▸ **Directions for this task**: Each line below must be set down exactly as it stands.

▸ **Provided material**:
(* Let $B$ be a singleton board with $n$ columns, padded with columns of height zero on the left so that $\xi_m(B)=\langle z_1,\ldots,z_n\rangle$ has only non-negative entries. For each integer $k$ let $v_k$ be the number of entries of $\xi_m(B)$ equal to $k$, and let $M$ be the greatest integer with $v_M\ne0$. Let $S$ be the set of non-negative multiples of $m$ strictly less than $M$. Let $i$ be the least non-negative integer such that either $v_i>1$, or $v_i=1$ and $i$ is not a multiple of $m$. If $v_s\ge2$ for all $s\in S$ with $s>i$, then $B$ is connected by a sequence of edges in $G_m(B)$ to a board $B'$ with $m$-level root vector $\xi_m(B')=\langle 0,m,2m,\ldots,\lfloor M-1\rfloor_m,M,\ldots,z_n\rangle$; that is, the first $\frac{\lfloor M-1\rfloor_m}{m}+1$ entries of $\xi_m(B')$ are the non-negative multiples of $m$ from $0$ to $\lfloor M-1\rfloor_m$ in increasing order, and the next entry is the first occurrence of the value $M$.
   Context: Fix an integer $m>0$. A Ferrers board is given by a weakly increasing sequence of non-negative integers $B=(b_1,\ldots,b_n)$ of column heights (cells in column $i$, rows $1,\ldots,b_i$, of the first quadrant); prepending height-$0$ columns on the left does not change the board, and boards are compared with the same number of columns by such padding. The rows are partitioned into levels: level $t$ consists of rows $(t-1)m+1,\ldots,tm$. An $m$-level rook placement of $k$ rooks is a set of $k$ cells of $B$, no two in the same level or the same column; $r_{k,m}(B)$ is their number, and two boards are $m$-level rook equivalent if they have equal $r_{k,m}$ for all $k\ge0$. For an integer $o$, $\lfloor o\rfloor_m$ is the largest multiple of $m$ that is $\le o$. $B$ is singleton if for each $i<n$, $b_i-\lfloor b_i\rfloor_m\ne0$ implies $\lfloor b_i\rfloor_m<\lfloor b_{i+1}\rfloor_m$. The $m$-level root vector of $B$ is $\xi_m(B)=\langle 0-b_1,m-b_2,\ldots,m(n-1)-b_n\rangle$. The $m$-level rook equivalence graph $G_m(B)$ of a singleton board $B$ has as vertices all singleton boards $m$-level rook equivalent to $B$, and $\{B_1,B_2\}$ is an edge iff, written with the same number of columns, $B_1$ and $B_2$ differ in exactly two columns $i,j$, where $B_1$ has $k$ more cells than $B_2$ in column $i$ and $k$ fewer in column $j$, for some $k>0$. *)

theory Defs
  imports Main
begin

▸ **The answer**:
(* Let $B$ be a singleton board with $n$ columns, padded with columns of height zero on the left so that $\xi_m(B)=\langle z_1,\ldots,z_n\rangle$ has only non-negative entries. For each integer $k$ let $v_k$ be the number of entries of $\xi_m(B)$ equal to $k$, and let $M$ be the greatest integer with $v_M\ne0$. Let $S$ be the set of non-negative multiples of $m$ strictly less than $M$. Let $i$ be the least non-negative integer such that either $v_i>1$, or $v_i=1$ and $i$ is not a multiple of $m$. If $v_s\ge2$ for all $s\in S$ with $s>i$, then $B$ is connected by a sequence of edges in $G_m(B)$ to a board $B'$ with $m$-level root vector $\xi_m(B')=\langle 0,m,2m,\ldots,\lfloor M-1\rfloor_m,M,\ldots,z_n\rangle$; that is, the first $\frac{\lfloor M-1\rfloor_m}{m}+1$ entries of $\xi_m(B')$ are the non-negative multiples of $m$ from $0$ to $\lfloor M-1\rfloor_m$ in increasing order, and the next entry is the first occurrence of the value $M$.
   Context: Fix an integer $m>0$. A Ferrers board is given by a weakly increasing sequence of non-negative integers $B=(b_1,\ldots,b_n)$ of column heights (cells in column $i$, rows $1,\ldots,b_i$, of the first quadrant); prepending height-$0$ columns on the left does not change the board, and boards are compared with the same number of columns by such padding. The rows are partitioned into levels: level $t$ consists of rows $(t-1)m+1,\ldots,tm$. An $m$-level rook placement of $k$ rooks is a set of $k$ cells of $B$, no two in the same level or the same column; $r_{k,m}(B)$ is their number, and two boards are $m$-level rook equivalent if they have equal $r_{k,m}$ for all $k\ge0$. For an integer $o$, $\lfloor o\rfloor_m$ is the largest multiple of $m$ that is $\le o$. $B$ is singleton if for each $i<n$, $b_i-\lfloor b_i\rfloor_m\ne0$ implies $\lfloor b_i\rfloor_m<\lfloor b_{i+1}\rfloor_m$. The $m$-level root vector of $B$ is $\xi_m(B)=\langle 0-b_1,m-b_2,\ldots,m(n-1)-b_n\rangle$. The $m$-level rook equivalence graph $G_m(B)$ of a singleton board $B$ has as vertices all singleton boards $m$-level rook equivalent to $B$, and $\{B_1,B_2\}$ is an edge iff, written with the same number of columns, $B_1$ and $B_2$ differ in exactly two columns $i,j$, where $B_1$ has $k$ more cells than $B_2$ in column $i$ and $k$ fewer in column $j$, for some $k>0$. *)

theory Defs
  imports Main
begin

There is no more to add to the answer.